I have no idea what you mean by this, since you appear to immediately contradict yourself. In most cases, “assigned” means nothing more complicated than observing what external genitalia are present.
That’s not what ‘assign’ means in normal use. It means to allocate or designate, it is something you actively do, unlike passively observing.
And this was the original meaning when referring to intersex people. Doctors would actively choose a sex for babies with ambiguous genitalia. This just does not happen in the vast majority of births.
This is a strange perspective on the common definition of the word “assign”. I never suggested that it was just passive observation.
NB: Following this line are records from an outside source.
(* Let $S$ be a semidomain. Then $S[x]$ is a GCD-semidomain if and only if $S$ is a GCD-domain (i.e., $S$ is an integral domain and a GCD-semidomain).
   Context: A semidomain is a subset $S$ of an integral domain $R$ containing $0$ and $1$ and closed under addition and multiplication; $S[x]$ is the semidomain of polynomials in $R[x]$ with coefficients in $S$. For a semidomain $T$, $T^*=T\setminus\{0\}$ is a multiplicative monoid. For a nonempty finite subset $F\subseteq T^*$, a greatest common divisor of $F$ is a common divisor $d\in T^*$ of all elements of $F$ (in $T^*$) that is divisible by every common divisor of $F$. $T$ is a GCD-semidomain if every nonempty finite subset of $T^*$ has a greatest common divisor. *)

theory Defs
  imports "HOL-Computational_Algebra.Polynomial"
begin

definition semidomain :: "'a::idom set \<Rightarrow> bool" where
  "semidomain S \<longleftrightarrow> 0 \<in> S \<and> 1 \<in> S \<and>
     (\<forall>a\<in>S. \<forall>b\<in>S. a + b \<in> S) \<and> (\<forall>a\<in>S. \<forall>b\<in>S. a * b \<in> S)"

definition poly_semidomain :: "'a::idom set \<Rightarrow> 'a poly set" where
  "poly_semidomain S = {p. \<forall>i. coeff p i \<in> S}"

definition sdvd :: "'a::idom set \<Rightarrow> 'a \<Rightarrow> 'a \<Rightarrow> bool" where
  "sdvd T a b \<longleftrightarrow> (\<exists>c\<in>T - {0}. b = a * c)"

definition is_sgcd :: "'a::idom set \<Rightarrow> 'a set \<Rightarrow> 'a \<Rightarrow> bool" where
  "is_sgcd T F d \<longleftrightarrow> d \<in> T - {0} \<and> (\<forall>f\<in>F. sdvd T d f) \<and>
     (\<forall>c\<in>T - {0}. (\<forall>f\<in>F. sdvd T c f) \<longrightarrow> sdvd T c d)"

definition gcd_semidomain :: "'a::idom set \<Rightarrow> bool" where
  "gcd_semidomain T \<longleftrightarrow>
     (\<forall>F. finite F \<and> F \<noteq> {} \<and> F \<subseteq> T - {0} \<longrightarrow> (\<exists>d. is_sgcd T F d))"

text \<open>A semidomain is an integral domain iff it is closed under additive inverses.\<close>
definition is_domain_sub :: "'a::idom set \<Rightarrow> bool" where
  "is_domain_sub S \<longleftrightarrow> (\<forall>a\<in>S. - a \<in> S)"

end

theory Submission
  imports Defs
begin

text \<open>If S[x] is a GCD-semidomain, then the gcd in S[x] of nonzero constants is a constant, which
  is a gcd in S. Moreover 1 + x + ... + x^5 = (1 + x)(1 + x^2 + x^4) = (1 + x + x^2)(1 + x^3),
  so its gcd with (1 + x)(1 + x + x^2) is the latter up to a unit of S, and the cofactor is a unit
  multiple of 1 - x + x^2; its coefficient -1 puts -1 into S.

  Gauss's lemma, proved
  by induction on degrees, lets one cancel a primitive factor from a divisibility of all
  coefficients. Pseudo-division yields D = u f + v g in S[x] such that a f and a g are multiples of D
  for some nonzero a \<in> S, i.e. D is a gcd over the fraction field. Then gcd(c(f), c(g)) times the
  primitive part of D is a gcd of f and g in S[x], where c denotes the content.\<close>

lemma semidomainD:
  assumes "semidomain S"
  shows semidomain_0: "0 \<in> S" and semidomain_1: "1 \<in> S"
    and semidomain_add: "a \<in> S \<Longrightarrow> b \<in> S \<Longrightarrow> a + b \<in> S"
    and semidomain_mult: "a \<in> S \<Longrightarrow> b \<in> S \<Longrightarrow> a * b \<in> S"
  using assms unfolding semidomain_def by auto

lemma semidomain_sum: "semidomain S \<Longrightarrow> (\<And>i. i \<in> A \<Longrightarrow> f i \<in> S) \<Longrightarrow> sum f A \<in> S"
  by (induction A rule: infinite_finite_induct) (auto intro: semidomainD)

lemma semidomain_power: "semidomain S \<Longrightarrow> a \<in> S \<Longrightarrow> a ^ n \<in> S"
  by (induction n) (auto intro: semidomainD)

lemma mem_poly_semidomain_iff: "p \<in> poly_semidomain S \<longleftrightarrow> (\<forall>i. coeff p i \<in> S)"
  by (simp add: poly_semidomain_def)

lemma coeff_mem_poly_semidomain: "p \<in> poly_semidomain S \<Longrightarrow> coeff p i \<in> S"
  by (simp add: poly_semidomain_def)

lemma pCons_mem_poly_semidomain_iff:
  "pCons a p \<in> poly_semidomain S \<longleftrightarrow> a \<in> S \<and> p \<in> poly_semidomain S"
  unfolding mem_poly_semidomain_iff by (metis coeff_pCons_0 coeff_pCons_Suc not0_implies_Suc)

lemma semidomain_poly_semidomain:
  assumes "semidomain S"
  shows "semidomain (poly_semidomain S)"
  using semidomainD[OF assms]
  unfolding semidomain_def poly_semidomain_def
  by (auto simp: coeff_mult intro!: semidomain_sum[OF assms])

lemma smult_mem_poly_semidomain:
  "semidomain S \<Longrightarrow> a \<in> S \<Longrightarrow> p \<in> poly_semidomain S \<Longrightarrow> smult a p \<in> poly_semidomain S"
  by (simp add: mem_poly_semidomain_iff semidomain_mult)

lemma const_mem_poly_semidomain_iff:
  "semidomain S \<Longrightarrow> [:a:] \<in> poly_semidomain S \<longleftrightarrow> a \<in> S"
  using semidomain_0 semidomain_poly_semidomain
  by (metis pCons_mem_poly_semidomain_iff)

lemma monom_mem_poly_semidomain:
  "semidomain S \<Longrightarrow> a \<in> S \<Longrightarrow> monom a n \<in> poly_semidomain S"
  by (simp add: mem_poly_semidomain_iff semidomain_0)

lemma sdvd_trans:
  assumes "\<forall>a\<in>T. \<forall>b\<in>T. a * b \<in> T" "sdvd T a b" "sdvd T b c"
  shows "sdvd T a c"
proof -
  from assms obtain x y where "x \<in> T - {0}" "y \<in> T - {0}" "b = a * x" "c = b * y"
    unfolding sdvd_def by auto
  with assms(1) show ?thesis
    unfolding sdvd_def by (auto intro!: bexI[of _ "x * y"] simp: mult.assoc)
qed

lemma gcd_semidomainI_binary:
  fixes T :: "'a::idom set"
  assumes "semidomain T"
    and binary: "\<And>a b. a \<in> T - {0} \<Longrightarrow> b \<in> T - {0} \<Longrightarrow> \<exists>d. is_sgcd T {a, b} d"
  shows "gcd_semidomain T"
  unfolding gcd_semidomain_def
proof (intro allI impI)
  fix F :: "'a set" assume F: "finite F \<and> F \<noteq> {} \<and> F \<subseteq> T - {0}"
  then have "finite F" "F \<noteq> {}" by auto
  then show "\<exists>d. is_sgcd T F d" using F
  proof (induction F rule: finite_ne_induct)
    case (singleton x)
    then have "is_sgcd T {x} x"
      using semidomain_1[OF \<open>semidomain T\<close>]
      unfolding is_sgcd_def sdvd_def by (auto intro!: bexI[of _ 1])
    then show ?case by blast
  next
    case (insert x F)
    then obtain d' where d': "is_sgcd T F d'" by auto
    then have "d' \<in> T - {0}" "x \<in> T - {0}"
      using insert.prems unfolding is_sgcd_def by auto
    then obtain d where d: "is_sgcd T {d', x} d" using binary by blast
    have "sdvd T d f" if "f \<in> insert x F" for f
      using that d d' sdvd_trans semidomain_mult[OF \<open>semidomain T\<close>]
      unfolding is_sgcd_def by blast
    moreover have "sdvd T c d" if "c \<in> T - {0}" "\<forall>f\<in>insert x F. sdvd T c f" for c
      using that d d' unfolding is_sgcd_def by auto
    ultimately have "is_sgcd T (insert x F) d"
      using d unfolding is_sgcd_def by blast
    then show ?case by blast
  qed
qed

lemma is_domain_sub_if_gcd_poly_semidomain:
  fixes S :: "'a::idom set"
  assumes S: "semidomain S" and gcd: "gcd_semidomain (poly_semidomain S)"
  shows "is_domain_sub S"
proof -
  let ?T = "poly_semidomain S"
  have T: "semidomain ?T" using S by (rule semidomain_poly_semidomain)
  note mem = pCons_mem_poly_semidomain_iff semidomainD[OF S] semidomain_0[OF T]
  define A B :: "'a poly" where "A = [:1, 1:]" and "B = [:1, 1, 1:]"
  define P Q :: "'a poly" where "P = [:1, 1, 1, 1, 1, 1:]" and "Q = A * B"
  have AB: "A \<in> ?T - {0}" "B \<in> ?T - {0}" by (simp_all add: A_def B_def mem)
  then have "Q \<in> ?T - {0}" unfolding Q_def using semidomain_mult[OF T] by simp
  moreover have "P \<in> ?T - {0}" by (simp add: P_def mem)
  ultimately have "finite {P, Q}" "{P, Q} \<noteq> {}" "{P, Q} \<subseteq> ?T - {0}" by auto
  then obtain d where d: "is_sgcd ?T {P, Q} d"
    using gcd unfolding gcd_semidomain_def by blast
  have "sdvd ?T A P"
    unfolding sdvd_def by (auto simp: A_def P_def mem intro!: bexI[of _ "[:1, 0, 1, 0, 1:]"])
  moreover have "sdvd ?T B P"
    unfolding sdvd_def by (auto simp: B_def P_def mem intro!: bexI[of _ "[:1, 0, 0, 1:]"])
  moreover have "sdvd ?T A Q" "sdvd ?T B Q"
    using AB unfolding sdvd_def Q_def by (auto simp: mult.commute)
  ultimately have "sdvd ?T A d" "sdvd ?T B d"
    using d AB unfolding is_sgcd_def by auto
  \<comment> \<open>A and B are coprime: B does not vanish at the root -1 of A.\<close>
  then obtain d1 d2 where "d = A * d1" and d: "d = B * d2"
    unfolding sdvd_def by blast
  then have "poly d (-1) = 0" by (simp add: A_def)
  with d have "poly d2 (-1) = 0" by (simp add: B_def)
  then have "A dvd d2" unfolding A_def using poly_eq_0_iff_dvd[of d2 "-1"] by simp
  then obtain d3 where "d2 = A * d3" by (elim dvdE)
  with d have dQ: "d = Q * d3" by (simp add: Q_def ac_simps)
  have "Q \<noteq> 0" using \<open>Q \<in> ?T - {0}\<close> by simp
  from \<open>is_sgcd ?T {P, Q} d\<close> obtain e where "Q = d * e"
    unfolding is_sgcd_def sdvd_def by auto
  with dQ \<open>Q \<noteq> 0\<close> have "d3 * e = 1" by (simp add: ac_simps)
  then obtain u v where uv: "d3 = [:u:]" "e = [:v:]" "u * v = 1"
  proof -
    from \<open>d3 * e = 1\<close> obtain u v where "d3 = [:u:]" "e = [:v:]"
      using is_unit_poly_iff by (metis dvd_triv_left dvd_triv_right)
    with \<open>d3 * e = 1\<close> that show thesis by (simp add: one_pCons mult.commute)
  qed
  have "u \<in> S"
    using \<open>is_sgcd ?T {P, Q} d\<close> coeff_mem_poly_semidomain[of d S 0]
    by (simp add: is_sgcd_def dQ uv Q_def A_def B_def)
  from \<open>is_sgcd ?T {P, Q} d\<close> obtain r where r: "P = d * r" "r \<in> ?T"
    unfolding is_sgcd_def sdvd_def by auto
  have "Q * [:1, -1, 1:] = Q * smult u r"
    using r(1) dQ uv by (simp add: P_def Q_def A_def B_def algebra_simps)
  then have "[:1, -1, 1:] = smult u r" by (simp only: mult_left_cancel[OF \<open>Q \<noteq> 0\<close>])
  then have "r = smult v [:1, -1, 1:]"
    using uv(3) by (simp add: mult.commute)
  then have "- v \<in> S" using coeff_mem_poly_semidomain[OF r(2), of 1] by simp
  then have "- 1 \<in> S" using uv(3) \<open>u \<in> S\<close> semidomain_mult[OF S] by (metis mult_minus_right)
  then show ?thesis
    unfolding is_domain_sub_def using semidomain_mult[OF S] by (metis mult_minus1)
qed

lemma sdvd_const_poly_semidomain_iff:
  assumes S: "semidomain S" and "a \<noteq> 0"
  shows "sdvd (poly_semidomain S) d [:a:] \<longleftrightarrow> (\<exists>d0. d = [:d0:] \<and> sdvd S d0 a)"
proof
  assume "sdvd (poly_semidomain S) d [:a:]"
  then obtain c where c: "c \<in> poly_semidomain S - {0}" "[:a:] = d * c"
    unfolding sdvd_def by blast
  with \<open>a \<noteq> 0\<close> have "d \<noteq> 0" by auto
  with c have "degree d + degree c = 0" using degree_mult_eq[of d c] by (simp flip: c(2))
  then have "d = [:coeff d 0:]" "c = [:coeff c 0:]" by (simp_all add: degree_0_id)
  moreover have "a = coeff d 0 * coeff c 0"
    using c(2) coeff_mult_0[of d c] by (metis coeff_pCons_0)
  moreover have "coeff c 0 \<in> S - {0}"
    using c(1) \<open>a \<noteq> 0\<close> calculation(3) by (auto simp: coeff_mem_poly_semidomain)
  ultimately show "\<exists>d0. d = [:d0:] \<and> sdvd S d0 a"
    unfolding sdvd_def by blast
next
  assume "\<exists>d0. d = [:d0:] \<and> sdvd S d0 a"
  then obtain d0 c where "d = [:d0:]" "c \<in> S - {0}" "a = d0 * c"
    unfolding sdvd_def by blast
  then show "sdvd (poly_semidomain S) d [:a:]"
    unfolding sdvd_def using const_mem_poly_semidomain_iff[OF S, of c]
    by (auto intro!: bexI[of _ "[:c:]"])
qed

lemma gcd_semidomain_if_gcd_poly_semidomain:
  fixes S :: "'a::idom set"
  assumes S: "semidomain S" and gcd: "gcd_semidomain (poly_semidomain S)"
  shows "gcd_semidomain S"
  unfolding gcd_semidomain_def
proof (intro allI impI)
  let ?T = "poly_semidomain S"
  fix F assume F: "finite F \<and> F \<noteq> {} \<and> F \<subseteq> S - {0}"
  then have "finite ((\<lambda>a. [:a:]) ` F)" "(\<lambda>a. [:a:]) ` F \<noteq> {}" "(\<lambda>a. [:a:]) ` F \<subseteq> ?T - {0}"
    using const_mem_poly_semidomain_iff[OF S] by auto
  then obtain d where d: "is_sgcd ?T ((\<lambda>a. [:a:]) ` F) d"
    using gcd unfolding gcd_semidomain_def by blast
  from F obtain a where "a \<in> F" "a \<noteq> 0" by auto
  with d obtain d0 where d0: "d = [:d0:]"
    using sdvd_const_poly_semidomain_iff[OF S] unfolding is_sgcd_def by blast
  note const_dvd_iff = sdvd_const_poly_semidomain_iff[OF S]
  have "[:d0:] \<in> ?T - {0}" using d unfolding d0 is_sgcd_def by blast
  then have "d0 \<in> S - {0}" by (simp add: const_mem_poly_semidomain_iff[OF S])
  moreover have "sdvd S d0 a" if "a \<in> F" for a
  proof -
    have "sdvd ?T [:d0:] [:a:]" using d that unfolding d0 is_sgcd_def by blast
    moreover have "a \<noteq> 0" using F that by blast
    ultimately show ?thesis using const_dvd_iff by simp
  qed
  moreover have "sdvd S c d0" if c: "c \<in> S - {0}" "\<forall>a\<in>F. sdvd S c a" for c
  proof -
    have "sdvd ?T [:c:] [:a:]" if "a \<in> F" for a
      using c(2) that F const_dvd_iff by blast
    moreover have "[:c:] \<in> ?T - {0}"
      using c(1) by (simp add: const_mem_poly_semidomain_iff[OF S])
    ultimately have "sdvd ?T [:c:] [:d0:]"
      using d unfolding d0 is_sgcd_def by blast
    with \<open>d0 \<in> S - {0}\<close> show ?thesis using const_dvd_iff by simp
  qed
  ultimately have "is_sgcd S F d0" unfolding is_sgcd_def by blast
  then show "\<exists>d. is_sgcd S F d" by blast
qed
To observe a property and then place something in a category based on that property is perfectly standard use of the word “assign”, there is no connotation that it need be particularly difficult to do so.
In any event, your strange objection does not alter the fact that the well established term “sex assigned at birth” means exactly what I said in the great majority of cases - assigning a baby to the “boy” or “girl” category based on their genitalia.
And the important reason for clarity in definition of the standard term “sex assigned at birth” is in juxtaposition to gender identity.
My objection is that the phrase is used in order to imply something that is not true - that sex comes from an external agency rather than being intrinsic to the individual. The way it is used it is simply a convoluted synomym for ‘sex at birth’, or even simply ‘sex’. Either of those are more accurate terms, and there is nothing offensive about them.
If you personally prefer to use the term “sex at birth” because you have some ill-conceived misconception about what the word “assigned” means, I doubt anyone cares. Meanwhile, the rest of the world will continue using the well established and well understood term “sex assigned at birth”.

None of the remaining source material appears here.